Useful Terminal Commands

you have to keep the database up to date though, which becomes tedious
 
updatedb && locate whatever

If you do this every once in a while it should take less than a second. You can alias it in .bashrc
alias locate='sudo updatedb && locate'
 
think i read this somewhere on these forums, but lazy unmount is awesome

umount -l /mnt/durp

Im too lazy to google, what does lazy unmount do?

Code:
top
For process list and to see whats wasting process`s.

Code:
iptraf

To see the bandwidth ho`s on your network

Code:
rsync

For backups

Code:
ssh -C2qTnN -D 8080 username@remote_machine.com
Create a socks5 local proxy to bypass most corporate and country firewalling restrictions :D
 
Im too lazy to google, what does lazy unmount do?

Code:
top
For process list and to see whats wasting process`s.
umount -l = Lazy unmount. Detach the filesystem from the filesystem hierarchy now, and cleanup all references to the filesystem as soon as it is not busy anymore. (Requires kernel 2.4.11 or later.)

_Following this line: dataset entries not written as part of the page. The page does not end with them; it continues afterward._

(* Let $\lambda\ge\lambda_0$ be such that every state of $\mathcal{E}^o\cup\mathcal{E}^a$ is transient for $\{\varphi^\lambda_t\}_{t\ge0}$, and let $f_\lambda(x)=\big(\bm{\alpha}(\lambda I-T)^{-1}\bm{s}\big)^{-1}\bm{\alpha}e^{(T-\lambda I)x}\bm{s}$, $x\ge0$, be the exponentially tilted density. Suppose $\varphi^\lambda_0$ has initial distribution $(\widehat{\bm{\alpha}}^+,\widehat{\bm{\alpha}}^-)$, i.e. $\mathbb{P}(\varphi^\lambda_0=i^o)=\widehat{\alpha}^+_i$ and $\mathbb{P}(\varphi^\lambda_0=i^a)=\widehat{\alpha}^-_i$. Then the signed measure $B\mapsto \mathbb{E}[\mathbb{1}\{\tau\in B\}\beta(\varphi^\lambda_\tau)]$ on Borel sets $B\subseteq[0,\infty)$ is absolutely continuous and, for all $x\ge0$, $$f_\lambda(x)=\frac{w^++w^-}{\bm{\alpha}(\lambda I-T)^{-1}\bm{s}}\cdot\frac{\mathbb{E}[\mathbb{1}\{\tau\in \mathrm{d}x\}\beta(\varphi^\lambda_\tau)]}{\mathrm{d}x}=\frac{w^++w^-}{\bm{\alpha}(\lambda I-T)^{-1}\bm{s}}\,(\widehat{\bm{\alpha}}^+,\widehat{\bm{\alpha}}^-)\exp\!\left(\begin{bmatrix}T^+-\lambda I & T^-\\ T^- & T^+-\lambda I\end{bmatrix}x\right)\begin{bmatrix}\bm{s}\\-\bm{s}\end{bmatrix},$$ where the middle expression denotes the Lebesgue density of that signed measure at $x$.
   Context: Let $p\ge1$, $\bm{\alpha}=(\alpha_1,\dots,\alpha_p)$ a real row vector, $T=(t_{ij})$ a real $p\times p$ matrix and $\bm{s}=(s_1,\dots,s_p)^\intercal$ a real column vector such that $f(x)=\bm{\alpha}e^{Tx}\bm{s}$, $x\ge0$, is a probability density on $(0,\infty)$ (a matrix-exponential distribution) and the eigenvalue of $T$ with largest real part is real and strictly negative. Then for $\lambda\ge0$, $\bm{\alpha}(\lambda I-T)^{-1}\bm{s}=\int_0^\infty e^{-\lambda r}f(r)\,\mathrm{d}r>0$. Define $p\times p$ matrices $T^+=(t^+_{ij})$, $T^-=(t^-_{ij})$ by $t^+_{ij}=\max\{0,t_{ij}\}$, $t^-_{ij}=\max\{0,-t_{ij}\}$ for $i\neq j$, and $t^+_{ii}=t_{ii}$, $t^-_{ii}=0$ (so $T=T^+-T^-$). Define column vectors $\bm{s}^\pm$ by $s^\pm_i=\max\{0,\pm s_i\}$. Let $\lambda_0=\min\{r\ge0:\ t_{ii}+\sum_{j\neq i}|t_{ij}|+|s_i|\le r\text{ for all }i\}$. Let $w^\pm=\sum_{i=1}^p\max\{0,\pm\alpha_i\}$, let $\alpha^\pm_i=\max\{0,\pm\alpha_i\}/w^\pm$ if $w^\pm>0$ and $\alpha^\pm_i=0$ if $w^\pm=0$, $\bm{\alpha}^\pm=(\alpha^\pm_1,\dots,\alpha^\pm_p)$ (so $\bm{\alpha}=w^+\bm{\alpha}^+-w^-\bm{\alpha}^-$), and $\widehat{\bm{\alpha}}^\pm=\frac{w^\pm}{w^++w^-}\bm{\alpha}^\pm$. For $\lambda\ge\lambda_0$, let $\{\varphi^\lambda_t\}_{t\ge0}$ be a continuous-time Markov jump process on $\mathcal{E}=\mathcal{E}^o\cup\mathcal{E}^a\cup\{\Delta^o\}\cup\{\Delta^a\}$, $\mathcal{E}^o=\{1^o,\dots,p^o\}$, $\mathcal{E}^a=\{1^a,\dots,p^a\}$, with subintensity matrix (states ordered $\mathcal{E}^o,\mathcal{E}^a,\Delta^o,\Delta^a$) $$G=\begin{bmatrix}T^+-\lambda I & T^- & \bm{s}^+ & \bm{s}^-\\ T^- & T^+-\lambda I & \bm{s}^- & \bm{s}^+\\ \bm{0}&\bm{0}&0&0\\ \bm{0}&\bm{0}&0&0\end{bmatrix}.$$ Thus $\Delta^o,\Delta^a$ are absorbing, and from a state in $\mathcal{E}^o\cup\mathcal{E}^a$ the process is killed at rate equal to minus the corresponding row sum of $G$, being sent to a cemetery state $\dagger$. Let $\tau=\inf\{x\ge0:\varphi^\lambda_x\notin\mathcal{E}^o\cup\mathcal{E}^a\}$, and $\beta(\Delta^o)=1$, $\beta(\Delta^a)=-1$, $\beta(\dagger)=0$. *)

theory Defs
  imports "HOL-Probability.Probability"
begin
text \<open>A bounded linear operator bounded by \<open>k\<close> on a ball of radius \<open>r\<close> has norm at
  most \<open>4k/r\<close> (it is bounded by \<open>2k\<close> on the sphere of radius \<open>r/2\<close> about \<open>0\<close>).\<close>

lemma norm_bound_from_ball:
  fixes L :: "'a::real_normed_vector \<Rightarrow>\<^sub>L 'b::real_normed_vector"
  assumes r: "r > 0" and bounded: "\<And>y. y \<in> ball x0 r \<Longrightarrow> norm (L y) \<le> k"
  shows "norm L \<le> 4 * k / r"
proof (rule norm_blinfun_bound)
  have "k \<ge> 0" using bounded[of x0] r by (smt (verit) centre_in_ball norm_ge_zero)
  then show "0 \<le> 4 * k / r" using r by simp
  fix y :: 'a
  show "norm (L y) \<le> 4 * k / r * norm y"
  proof (cases "y = 0")
    case True
    then show ?thesis by simp
  next
    case False
    define z where "z = (r / 2 / norm y) *\<^sub>R y"
    have "norm z = r / 2" using False r by (simp add: z_def)
    then have "norm (L (x0 + z)) \<le> k" "norm (L x0) \<le> k"
      using r by (auto intro!: bounded simp: dist_norm)
    then have "norm (L z) \<le> 2 * k"
      using norm_triangle_ineq4[of "L (x0 + z)" "L x0"] by (simp add: blinfun.add_right)
    moreover have "L y = (2 * norm y / r) *\<^sub>R L z"
      using False r by (simp add: z_def blinfun.scaleR_right)
    moreover have "0 \<le> 2 * norm y / r" using r by simp
    ultimately have "norm (L y) \<le> (2 * norm y / r) * (2 * k)"
      by (metis mult_left_mono norm_scaleR abs_of_nonneg)
    then show ?thesis by (simp add: field_simps)
  qed
qed

text \<open>The uniform boundedness principle (Banach--Steinhaus): a pointwise bounded
  family of bounded operators on a Banach space is norm bounded, because by the
  Baire category theorem the family is uniformly bounded on some ball.\<close>

lemma uniform_boundedness:
  fixes L :: "'i \<Rightarrow> ('a::banach \<Rightarrow>\<^sub>L 'b::real_normed_vector)"
  assumes pointwise: "\<And>x. \<exists>B. \<forall>i\<in>I. norm (L i x) \<le> B"
  shows "\<exists>K. \<forall>i\<in>I. norm (L i) \<le> K"
proof -
  define E where "E k = {x. \<forall>i\<in>I. norm (L i x) \<le> real k}" for k :: nat
  have closed_E: "closed (E k)" for k
  proof -
    have "E k = (\<Inter>i\<in>I. {x. norm (L i x) \<le> real k})" unfolding E_def by auto
    moreover have "closed {x. norm (L i x) \<le> real k}" for i
      by (intro closed_Collect_le continuous_intros)
    ultimately show ?thesis by auto
  qed
  have cover: "(\<Union>k. E k) = UNIV"
  proof -
    have "x \<in> (\<Union>k. E k)" for x
    proof -
      obtain B where "\<forall>i\<in>I. norm (L i x) \<le> B" using pointwise by blast
      moreover obtain k :: nat where "B \<le> real k" using real_arch_simple by blast
      ultimately have "x \<in> E k" unfolding E_def by force
      then show ?thesis by blast
    qed
    then show ?thesis by blast
  qed
  have "\<exists>k. interior (E k) \<noteq> {}"
  proof (rule ccontr)
    assume "\<nexists>k. interior (E k) \<noteq> {}"
    then have "euclidean interior_of \<Union>(range E) = {}"
      by (intro Baire_category_alt) (auto simp: completely_metrizable_space_euclidean closed_E)
    then show False using cover by simp
  qed
  then obtain k x0 where "x0 \<in> interior (E k)" by blast
  then obtain r where r: "r > 0" "ball x0 r \<subseteq> E k"
    using open_contains_ball by (meson interior_subset open_interior subset_trans)
  have "norm (L i) \<le> 4 * real k / r" if "i \<in> I" for i
    using r that by (intro norm_bound_from_ball) (auto simp: E_def)
  then show ?thesis by blast
qed

lemma average_integral_tendsto:
  fixes f :: "real \<Rightarrow> 'a::banach"
  assumes cont: "continuous_on {a..b} f" and ab: "a < b"
  shows "((\<lambda>h. (1/h) *\<^sub>R integral {a..a+h} f) \<longlongrightarrow> f a) (at_right 0)"
proof (rule tendstoI)
  fix e :: real assume e: "e > 0"
  obtain d where d: "d > 0" "\<forall>x'\<in>{a..b}. dist x' a < d \<longrightarrow> dist (f x') (f a) < e/2"
    using cont ab e unfolding continuous_on_iff
    by (metis atLeastAtMost_iff half_gt_zero less_eq_real_def order_refl)
  have "dist ((1/h) *\<^sub>R integral {a..a+h} f) (f a) < e" if h: "h > 0" "h < min d (b-a)" for h
  proof -
    have ci: "continuous_on {a..a+h} f" using cont h by (auto intro: continuous_on_subset)
    have "integral {a..a+h} (\<lambda>s. f s - f a) = integral {a..a+h} f - h *\<^sub>R f a"
      using h by (subst integral_diff) (auto intro!: integrable_continuous_real ci)
    moreover have "norm (integral {a..a+h} (\<lambda>s. f s - f a)) \<le> e/2 * (a + h - a)"
    proof (rule integral_bound)
      show "a \<le> a + h" using h by simp
      show "continuous_on {a..a+h} (\<lambda>s. f s - f a)" by (intro continuous_intros ci)
      fix s assume "s \<in> {a..a+h}"
      then have "s \<in> {a..b}" "dist s a < d" using h by (auto simp: dist_real_def)
      then show "norm (f s - f a) \<le> e/2" using d by (auto simp: dist_norm intro: less_imp_le)
    qed
    ultimately have "norm (integral {a..a+h} f - h *\<^sub>R f a) \<le> e/2 * h" by simp
    moreover have "(1/h) *\<^sub>R integral {a..a+h} f - f a = (1/h) *\<^sub>R (integral {a..a+h} f - h *\<^sub>R f a)"
      using h by (simp add: algebra_simps)
    ultimately have "dist ((1/h) *\<^sub>R integral {a..a+h} f) (f a) \<le> e/2"
      using h by (simp add: dist_norm divide_le_eq mult.commute)
    then show ?thesis using e by simp
  qed
  then show "\<forall>\<^sub>F h in at_right 0. dist ((1/h) *\<^sub>R integral {a..a+h} f) (f a) < e"
    unfolding eventually_at_right_field using d ab by (intro exI[of _ "min d (b-a)"]) auto
qed
text \<open>Multiplicity sequences are indexed from 0 instead of 1.\<close>

definition multiplicity_seq :: "(nat \<Rightarrow> complex) \<Rightarrow> (nat \<Rightarrow> nat) \<Rightarrow> bool" where
  "multiplicity_seq lam mu \<longleftrightarrow>
     inj lam \<and> (\<forall>n. lam n \<noteq> 0) \<and>
     filterlim (\<lambda>n. norm (lam n)) at_top sequentially \<and>
     (\<forall>n. norm (lam n) \<le> norm (lam (Suc n))) \<and>
     (\<forall>n. mu n \<ge> 1)"

definition A0 :: "(complex \<Rightarrow> complex) set" where
  "A0 = {F. F holomorphic_on UNIV \<and>
            (\<forall>\<epsilon>>0. \<exists>M. \<forall>z. norm (F z) \<le> M * exp (\<epsilon> * norm z))}"

definition interpolating_variety_A0 :: "(nat \<Rightarrow> complex) \<Rightarrow> (nat \<Rightarrow> nat) \<Rightarrow> bool" where
  "interpolating_variety_A0 lam mu \<longleftrightarrow>
     (\<forall>a :: nat \<Rightarrow> nat \<Rightarrow> complex.
        (\<forall>\<epsilon>>0. bdd_above (range (\<lambda>n. (\<Sum>k<mu n. norm (a n k)) * exp (- \<epsilon> * norm (lam n)))))
        \<longrightarrow> (\<exists>F\<in>A0. \<forall>n k. k < mu n \<longrightarrow> (deriv ^^ k) F (lam n) / of_nat (fact k) = a n k))"

definition class_ABC :: "(nat \<Rightarrow> complex) \<Rightarrow> (nat \<Rightarrow> nat) \<Rightarrow> bool" where
  "class_ABC lam mu \<longleftrightarrow>
     multiplicity_seq lam mu \<and>
     summable (\<lambda>n. real (mu n) / norm (lam n)) \<and>
     (\<exists>\<theta> < pi / 2. \<forall>n. \<bar>Arg (lam n)\<bar> \<le> \<theta>) \<and>
     interpolating_variety_A0 lam mu"
theorem theorem1:
  fixes F R :: "real^3 \<Rightarrow> real" and S :: "(real^3) set" and p poff np :: "real^3"
  assumes surf: "closed_surface_by F S"
    and Rsmooth: "smooth3 R"
    and Rpos: "\<forall>q\<in>S. R q > 0"
    and pS: "p \<in> S"
    and poff: "poff \<in> offset_surface S R"
    and onsphere: "norm (poff - p) = R p"
    and np: "np = unit_normal F p \<or> np = - unit_normal F p"
    and side: "(poff - p) \<bullet> np \<ge> 0"
    and small: "norm (surf_grad F R p) \<le> 1"
  shows "(poff - p) /\<^sub>R norm (poff - p) =
         rotate_about (cross3 (surf_grad F R p /\<^sub>R norm (surf_grad F R p)) np)
                      (arcsin (norm (surf_grad F R p))) np"
proof -
  have "grad3 F p \<noteq> 0"
    using surf pS by (auto simp: closed_surface_by_def)
  have "poff \<noteq> p"
    using onsphere Rpos pS by auto
  define u where "u = sgn (poff - p)"
  define n where "n = unit_normal F p"
  have "u = (u \<bullet> n) *\<^sub>R n - surf_grad F R p"
    unfolding u_def n_def
    by (rule offset_direction_tangential_part[OF surf Rsmooth pS poff onsphere \<open>poff \<noteq> p\<close>])
  moreover have "(u \<bullet> np) *\<^sub>R np = (u \<bullet> n) *\<^sub>R n"
    using np by (auto simp: n_def)
  ultimately have "u = (u \<bullet> np) *\<^sub>R np - surf_grad F R p"
    by simp
  moreover have "norm np = 1" "surf_grad F R p \<bullet> np = 0"
    using np \<open>grad3 F p \<noteq> 0\<close> norm_unit_normal surf_grad_orthogonal_unit_normal by auto
  moreover have "norm u = 1" "u \<bullet> np \<ge> 0"
    using \<open>poff \<noteq> p\<close> side by (auto simp: u_def sgn_div_norm norm_sgn)
  ultimately have "u = rotate_about (cross3 (surf_grad F R p /\<^sub>R norm (surf_grad F R p)) np)
                         (arcsin (norm (surf_grad F R p))) np"
    using small by (intro unit_vector_eq_rotate_about_normal) auto
  then show ?thesis
    by (simp add: u_def sgn_div_norm)
qed
lemma sinusoid_pair_surj:
  fixes A B E N :: real
  assumes "A\<^sup>2 + B\<^sup>2 > 0" and "E\<^sup>2 + N\<^sup>2 = A\<^sup>2 + B\<^sup>2"
  shows "\<exists>t. B * cos t - A * sin t = E \<and> A * cos t + B * sin t = N"
proof -
  define R where "R = A\<^sup>2 + B\<^sup>2"
  have "R > 0" using assms(1) unfolding R_def .
  have "((B * E + A * N) / R)\<^sup>2 + ((B * N - A * E) / R)\<^sup>2 = 1"
  proof -
    have "(B * E + A * N)\<^sup>2 + (B * N - A * E)\<^sup>2 = R * (E\<^sup>2 + N\<^sup>2)"
      unfolding R_def by algebra
    also have "\<dots> = R\<^sup>2"
      using assms(2) unfolding R_def by (simp add: power2_eq_square)
    finally show ?thesis
      using \<open>R > 0\<close> by (simp add: power_divide add_divide_distrib[symmetric])
  qed
  then obtain t where cos_t: "cos t = (B * E + A * N) / R" and sin_t: "sin t = (B * N - A * E) / R"
    by (metis sincos_total_2pi)
  have "B * cos t - A * sin t = (B * (B * E + A * N) - A * (B * N - A * E)) / R"
    unfolding cos_t sin_t using \<open>R > 0\<close> by (simp add: field_simps)
  also have "B * (B * E + A * N) - A * (B * N - A * E) = R * E"
    unfolding R_def by algebra
  finally have "B * cos t - A * sin t = E" using \<open>R > 0\<close> by simp
  moreover have "A * cos t + B * sin t = (A * (B * E + A * N) + B * (B * N - A * E)) / R"
    unfolding cos_t sin_t using \<open>R > 0\<close> by (simp add: field_simps)
  moreover have "A * (B * E + A * N) + B * (B * N - A * E) = R * N"
    unfolding R_def by algebra
  ultimately have "B * cos t - A * sin t = E \<and> A * cos t + B * sin t = N"
    using \<open>R > 0\<close> by simp
  then show ?thesis by blast
qed

lemma half_plus_difference_quotients:
  fixes R s :: real
  assumes "0 < s" and "s < R"
  shows "1 / 2 + (R\<^sup>2 - s\<^sup>2) / 2 / (R + s)\<^sup>2 = R / s / (R / s + 1)"
    and "1 / 2 + (R\<^sup>2 - s\<^sup>2) / 2 / (R - s)\<^sup>2 = R / s / (R / s - 1)"
proof -
  have "R + s \<noteq> 0" "R - s \<noteq> 0" "s \<noteq> 0" using assms by auto
  have "R\<^sup>2 - s\<^sup>2 = (R - s) * (R + s)" by (simp add: power2_eq_square algebra_simps)
  then have "(R\<^sup>2 - s\<^sup>2) / 2 / (R + s)\<^sup>2 = (R - s) / (2 * (R + s))"
    "(R\<^sup>2 - s\<^sup>2) / 2 / (R - s)\<^sup>2 = (R + s) / (2 * (R - s))"
    using \<open>R + s \<noteq> 0\<close> \<open>R - s \<noteq> 0\<close> by (simp_all add: power2_eq_square)
  then show "1 / 2 + (R\<^sup>2 - s\<^sup>2) / 2 / (R + s)\<^sup>2 = R / s / (R / s + 1)"
    and "1 / 2 + (R\<^sup>2 - s\<^sup>2) / 2 / (R - s)\<^sup>2 = R / s / (R / s - 1)"
    using \<open>R + s \<noteq> 0\<close> \<open>R - s \<noteq> 0\<close> \<open>s \<noteq> 0\<close> by (simp_all add: field_simps)
qed


section \<open>The explicit solution\<close>

locale explicit_solution =
  fixes a b :: real
  assumes a_bound: "\<bar>a\<bar> < pi / 2" and b_ne_half: "b \<noteq> 1 / 2" and b_ne_1: "b \<noteq> 1"
    and initial_not_origin: "\<bar>a\<bar> + \<bar>b\<bar> > 0"
begin

definition "A = sin (2 * a)"
definition "B = 2 * b - 1 + cos (2 * a)"
definition "K = 2 * (2 * b - 1) * (cos a)\<^sup>2"
definition "c = (2 * b - 1) * (cos a)\<^sup>2 / (1 - b)\<^sup>2"

definition "E t = B * cos t - A * sin t"
definition "N t = A * cos t + B * sin t"
definition "M t = 2 * (1 - b) + E t"
definition "D t = (M t)\<^sup>2 + (N t)\<^sup>2"
definition "g t = 1 / 2 + K / D t"

lemma cos_a_pos: "cos a > 0"
  using a_bound by (intro cos_gt_zero_pi) auto

lemma K_ne_0: "K \<noteq> 0"
  using cos_a_pos b_ne_half by (simp add: K_def)

lemma c_eq: "c = K / (2 * (1 - b)\<^sup>2)"
proof -
  have "K = 2 * ((2 * b - 1) * (cos a)\<^sup>2)" by (simp add: K_def)
  then show ?thesis unfolding c_def by (simp only: mult_divide_mult_cancel_left)
qed
lemma inner_row_le:
  assumes "2 \<le> b"
  shows "(\<Sum>a\<in>{b..n+1-b}. \<bar>r_coef n a b\<bar>) \<le> 1 / (real n * (real n - 1))"
proof -
  have "(\<Sum>a\<in>{b..n+1-b}. \<bar>r_coef n a b\<bar>)
          \<le> (\<Sum>a\<in>{b..n+1-b}. (1 / 2) ^ ((n + 1 - b) + 1 - a) * (1 / (real n * (real n - 1))))"
  proof (rule sum_mono)
    fix a assume a: "a \<in> {b..n+1-b}"
    then have A: "(a, b) \<in> A_set n"
      using assms by (auto simp: A_set_def)
    have "\<bar>r_coef n a b\<bar> \<le> (1 / 2) ^ (n + 2 - a - b) * fact_weight n a b"
      using abs_r_coef_le[OF A] .
    also have "\<dots> \<le> (1 / 2) ^ (n + 2 - a - b) * (1 / (real n * (real n - 1)))"
      using fact_weight_inner[OF assms A] by (intro mult_left_mono) auto
    also have "n + 2 - a - b = (n + 1 - b) + 1 - a"
      using a by auto
    finally show "\<bar>r_coef n a b\<bar> \<le> (1 / 2) ^ ((n + 1 - b) + 1 - a) * (1 / (real n * (real n - 1)))" .
  qed
  also have "\<dots> = (\<Sum>a\<in>{b..n+1-b}. (1 / 2) ^ ((n + 1 - b) + 1 - a)) * (1 / (real n * (real n - 1)))"
    by (rule sum_distrib_right[symmetric])
  also have "\<dots> \<le> 1 * (1 / (real n * (real n - 1)))"
  proof (intro mult_right_mono sum_half_power_le_one)
    show "0 \<le> 1 / (real n * (real n - 1))"
      by (cases n) auto
  qed auto
  finally show ?thesis
    by simp
qed

text \<open>Summing over \<open>A_n\<close> row by row: \<open>b\<close> ranges over \<open>1..n\<close> and \<open>a\<close> over \<open>b..n+1-b\<close>
  (rows with \<open>2b > n+1\<close> are empty).\<close>

lemma sum_A_set_by_rows:
  "(\<Sum>(a, b)\<in>A_set n. f a b) = (\<Sum>b\<in>{1..n}. \<Sum>a\<in>{b..n+1-b}. f a b)"
proof -
  have "(\<Sum>(a, b)\<in>A_set n. f a b) = (\<Sum>(b, a)\<in>(SIGMA b:{1..n}. {b..n+1-b}). f a b)"
    by (rule sum.reindex_bij_witness[where i="\<lambda>(b, a). (a, b)" and j="\<lambda>(a, b). (b, a)"])
       (auto simp: A_set_def)
  also have "\<dots> = (\<Sum>b\<in>{1..n}. \<Sum>a\<in>{b..n+1-b}. f a b)"
    by (rule sum.Sigma[symmetric]) auto
  finally show ?thesis .
qed

lemma sum_abs_r_coef_le:
  assumes "2 \<le> n"
  shows "(\<Sum>(a, b)\<in>A_set n. \<bar>r_coef n a b\<bar>) \<le> 3 / real n"
proof -
  have "{1..n} = insert 1 {2..n}"
    using assms by auto
  then have "(\<Sum>(a, b)\<in>A_set n. \<bar>r_coef n a b\<bar>)
               = (\<Sum>a\<in>{1..n}. \<bar>r_coef n a 1\<bar>) + (\<Sum>b\<in>{2..n}. \<Sum>a\<in>{b..n+1-b}. \<bar>r_coef n a b\<bar>)"
    unfolding sum_A_set_by_rows by simp
  also have "\<dots> \<le> 2 / real n + (\<Sum>b\<in>{2..n}. 1 / (real n * (real n - 1)))"
    using assms by (intro add_mono first_row_le sum_mono inner_row_le) auto
  also have "(\<Sum>b\<in>{2..n}. 1 / (real n * (real n - 1))) = 1 / real n"
    using assms by (simp add: of_nat_diff)
  finally show ?thesis
    by simp
qed

theorem mainTheorem18:
  shows "(\<lambda>n. ln (real n) * (\<Sum>(a, b)\<in>A_set n. \<bar>r_coef n a b\<bar>)) \<longlonglongrightarrow> 0"
proof (rule tendsto_sandwich[where f="\<lambda>_. 0" and h="\<lambda>n. 3 * (ln (real n) / real n)"])
  show "\<forall>\<^sub>F n in sequentially. 0 \<le> ln (real n) * (\<Sum>(a, b)\<in>A_set n. \<bar>r_coef n a b\<bar>)"
    by (rule eventually_sequentiallyI[of 1]) (auto intro!: mult_nonneg_nonneg sum_nonneg)
  show "\<forall>\<^sub>F n in sequentially.
          ln (real n) * (\<Sum>(a, b)\<in>A_set n. \<bar>r_coef n a b\<bar>) \<le> 3 * (ln (real n) / real n)"
  proof (rule eventually_sequentiallyI[of 2])
    fix n :: nat
    assume "n \<ge> 2"
    then have "ln (real n) * (\<Sum>(a, b)\<in>A_set n. \<bar>r_coef n a b\<bar>) \<le> ln (real n) * (3 / real n)"
      by (intro mult_left_mono sum_abs_r_coef_le) auto
    then show "ln (real n) * (\<Sum>(a, b)\<in>A_set n. \<bar>r_coef n a b\<bar>) \<le> 3 * (ln (real n) / real n)"
      by (simp add: mult.commute)
  qed
  show "(\<lambda>n. 3 * (ln (real n) / real n)) \<longlonglongrightarrow> 0"
    using tendsto_mult_right_zero[OF lim_ln_over_n, of 3] by simp
qed (rule tendsto_const)
lemma convex_on_quadratic_bounds_sum:
  fixes f :: "'a::real_vector \<Rightarrow> real"
  assumes cvx: "convex_on UNIV f" and I: "finite I"
    and Lpos: "\<And>i. i \<in> I \<Longrightarrow> L i > 0"
    and bound: "\<And>i t. i \<in> I \<Longrightarrow> f (x + t *\<^sub>R d i) \<le> f x + t * D i + L i / 2 * t\<^sup>2"
  shows "f (x + (\<Sum>i\<in>I. c i *\<^sub>R d i))
           \<le> f x + (\<Sum>i\<in>I. c i * D i) + (\<Sum>i\<in>I. L i) / 2 * (\<Sum>i\<in>I. (c i)\<^sup>2)"
proof (cases "I = {}")
  case False
  define M where "M = (\<Sum>i\<in>I. L i)"
  \<comment> \<open>Jensen with weights proportional to \<open>L i\<close> makes every quadratic term carry the same factor \<open>M\<close>\<close>
  define p where "p i = L i / M" for i
  define y where "y i = x + (c i / p i) *\<^sub>R d i" for i
  have "M > 0" unfolding M_def using I False Lpos by (intro sum_pos) auto
  then have p: "i \<in> I \<Longrightarrow> p i > 0" for i using Lpos by (simp add: p_def)
  have psum: "(\<Sum>i\<in>I. p i) = 1"
    using \<open>M > 0\<close> by (simp add: p_def M_def flip: sum_divide_distrib)
  have "(\<Sum>i\<in>I. p i *\<^sub>R y i) = (\<Sum>i\<in>I. p i *\<^sub>R x + c i *\<^sub>R d i)"
  proof (rule sum.cong)
    fix i assume "i \<in> I"
    with p have "p i \<noteq> 0" by force
    then show "p i *\<^sub>R y i = p i *\<^sub>R x + c i *\<^sub>R d i"
      by (simp add: y_def scaleR_add_right)
  qed simp
  also have "\<dots> = (\<Sum>i\<in>I. p i) *\<^sub>R x + (\<Sum>i\<in>I. c i *\<^sub>R d i)"
    by (simp add: sum.distrib scaleR_sum_left)
  finally have "f (x + (\<Sum>i\<in>I. c i *\<^sub>R d i)) = f (\<Sum>i\<in>I. p i *\<^sub>R y i)"
    by (simp add: psum)
  also have "\<dots> \<le> (\<Sum>i\<in>I. p i * f (y i))"
    using p psum I False by (intro convex_on_sum[OF _ _ cvx]) (auto simp: less_imp_le)
  also have "\<dots> \<le> (\<Sum>i\<in>I. p i * f x + c i * D i + M / 2 * (c i)\<^sup>2)"
  proof (rule sum_mono)
    fix i assume i: "i \<in> I"
    have "p i * f (y i) \<le> p i * (f x + (c i / p i) * D i + L i / 2 * (c i / p i)\<^sup>2)"
      using bound[OF i, of "c i / p i"] p[OF i] unfolding y_def by (intro mult_left_mono) auto
    also have "\<dots> = p i * f x + c i * D i + M / 2 * (c i)\<^sup>2"
      using p[OF i] Lpos[OF i] \<open>M > 0\<close> by (simp add: p_def field_simps power2_eq_square)
    finally show "p i * f (y i) \<le> p i * f x + c i * D i + M / 2 * (c i)\<^sup>2" .
  qed
  also have "\<dots> = f x + (\<Sum>i\<in>I. c i * D i) + M / 2 * (\<Sum>i\<in>I. (c i)\<^sup>2)"
    by (simp add: sum.distrib psum sum_distrib_left flip: sum_distrib_right)
  finally show ?thesis by (simp add: M_def)
qed simp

Basically if you are in a mounted dir for example you will not be able to unmount that device until you cd out of that dir. Lazy umount unmounts anyway and if you close that session in the future it just cleans up after you, ie, it does not wait on the device or references to the device to be ready, it unmounts immediately and cleans up later.

You should replace top with htop, top on steroids, try it out.
:)
 
ps ax | grep screen | grep -v grep

removes the grep process from the grep-ed process list. Helps to check if process are still running and restart them if they arent.

in this case im looking if screen is running
 
Last edited:
ps ax | grep screen | grep -v grep

removes the grep process from the grep-ed process list. Helps to check if process are still running and restart them if they arent.

in this case im looking if screen is running
I don't know exactly why, but this will do the same:
Code:
ps ax | grep [s]creen
 
updatedb && locate whatever

If you do this every once in a while it should take less than a second. You can alias it in .bashrc
alias locate='sudo updatedb && locate'

Or set up a daily cron job. Ubuntu does it by default methinks. :)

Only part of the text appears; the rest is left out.